The memo didn't mean that Katzenbach believed there was a conspiracy that had to be covered up. It meant that many--going by the first-day evidence and no evidence of other suspects appearing over the weekend--genuinely believed by late Sunday that Oswald was the lone assassin.
You can't really be that gullible. No one could've possibly known for certain within 48 hours of the assassination that no one else was involved.
The Katzenbach memo and all other actions taken by the Johnson administration were due to politics and national security concerns, not a good faith effort to find all the facts about what led up to JFKs murder.

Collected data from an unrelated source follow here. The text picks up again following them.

lemma pt_image:
  assumes inj: "inj_on x {1..n}"
  shows "pt x n ` {1..n} = x ` {1..n}"
proof -
  have len: "length (sorted_list_of_set (x ` {1..n})) = n"
    using inj by (simp add: card_image)
  have "pt x n ` {1..n} = pt x n ` Suc ` {0..<n}"
    by (simp add: image_Suc_lessThan flip: lessThan_atLeast0)
  also have "\<dots> = nth (sorted_list_of_set (x ` {1..n})) ` {0..<n}"
    by (simp only: image_image pt_eq_sorted_nth)
  also have "\<dots> = set (sorted_list_of_set (x ` {1..n}))"
    using len by (simp add: nth_image)
  finally show ?thesis by simp
qed

lemma no_trial_between:
  assumes inj: "inj_on x {1..n}" and i: "2 \<le> i" "i \<le> n" and s: "s \<in> x ` {1..n}"
  shows "\<not> (pt x n (i - 1) < s \<and> s < pt x n i)"
proof -
  obtain k where k: "k \<in> {1..n}" "s = pt x n k"
    using s pt_image[OF inj] by (metis imageE)
  show ?thesis
  proof (cases "k \<le> i - 1")
    case True
    have "pt x n k \<le> pt x n (i - 1)" by (rule pt_mono[OF inj]) (use k True i in auto)
    then show ?thesis using k by auto
  next
    case False
    have "pt x n i \<le> pt x n k" by (rule pt_mono[OF inj]) (use k False i in auto)
    then show ?thesis using k by auto
  qed
qed

lemma sorted_run_near:
  assumes inj: "inj_on x {1..n}" and B: "B \<subseteq> {1..n}" "B \<noteq> {}"
    and near: "\<forall>m\<in>B. \<bar>x m - c\<bar> < \<rho>"
  shows "\<exists>a b. 1 \<le> a \<and> b \<le> n \<and> card B \<le> b + 1 - a \<and> (\<forall>i\<in>{a..b}. \<bar>pt x n i - c\<bar> < \<rho>)"
proof -
  define J where "J = {i \<in> {1..n}. \<bar>pt x n i - c\<bar> < \<rho>}"
  have "x ` B \<subseteq> pt x n ` J"
  proof
    fix v assume "v \<in> x ` B"
    then obtain m where m: "m \<in> B" "v = x m" by blast
    then obtain i where i: "i \<in> {1..n}" "pt x n i = v"
      using B pt_image[OF inj] by (metis image_eqI subsetD imageE)
    then have "i \<in> J" using near m by (auto simp: J_def)
    then show "v \<in> pt x n ` J" using i by blast
  qed
  have finJ: "finite J" by (simp add: J_def)
  have "card B = card (x ` B)" using card_image[OF inj_on_subset[OF inj B(1)]] by simp
  also have "\<dots> \<le> card (pt x n ` J)" using \<open>x ` B \<subseteq> pt x n ` J\<close> finJ by (intro card_mono) auto
  also have "\<dots> \<le> card J" by (rule card_image_le[OF finJ])
  finally have "card B \<le> card J" .
  then have "J \<noteq> {}" using B finite_subset[OF B(1)] by (auto simp: card_gt_0_iff)
  define a b where "a = Min J" and "b = Max J"
  have ab: "a \<in> J" "b \<in> J" "J \<subseteq> {a..b}"
    using finJ \<open>J \<noteq> {}\<close> by (auto simp: a_def b_def)
  have "card J \<le> b + 1 - a" using card_mono[OF _ ab(3)] by simp
  moreover have "\<bar>pt x n i - c\<bar> < \<rho>" if "i \<in> {a..b}" for i
    using pt_mono[OF inj, of a i] pt_mono[OF inj, of i b] that ab by (auto simp: J_def abs_less_iff)
  ultimately show ?thesis using ab \<open>card B \<le> card J\<close> by (intro exI[of _ a] exI[of _ b]) (auto simp: J_def)
qed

The memo basically admits that Oswald's background is suspicious and invites conspiracy speculation. Duh.
Assuming that Katzenbach, Johnson, and other insiders knew about Oswald's trip to Mexico City weeks before the assassination, I don't buy that he was totally convinced that Oswald acted alone so soon after 11/22/63.
Even if Katzenbach assumed that all the shots were fired by Oswald only, it couldn't be ruled out within 48 hours that a guy who lived in the USSR and had recently traveled to the Cuban and Soviet embassies in Mexico had no accomplices.
Katzenbach, Johnson, and others were concerned about the politics, not the truth. This is confirmed by Johnson admitting years later that he didn't believe Oswald acted alone:
"Johnson expressed his belief that the assassination in Dallas had been part of a conspiracy. “I never believed that Oswald acted alone, although I can accept that he pulled the trigger.” Johnson said that when he had taken office he found that “we had been operating a damned Murder Inc. in the Caribbean.” A year or so before Kennedy’s death a CIA-backed assassination team had been picked up in Havana. Johnson speculated that Dallas had been a retaliation for this thwarted attempt, although he couldn’t prove it".https://www.theatlantic.com/magazine/archive/2013/08/lbj-oswald-wasnt-alone/309486/RFK, Gerald Ford, and Nixon all expressed similar sentiments in private. Johnson was the only one to say it publicly.
Then the Warren Commission followed the evidence that led them to the ingenious Single Bullet Theory (or Fact). Critics are jealous because they have nothing as clever (yet Occam's razoresque) and scientifically-sound that "solves" the assassination. Their lamebrain theories and goofball trajectory gyrations will always come up short.
There has never been a bullet in history that did what CE399 did and came out looking as clean.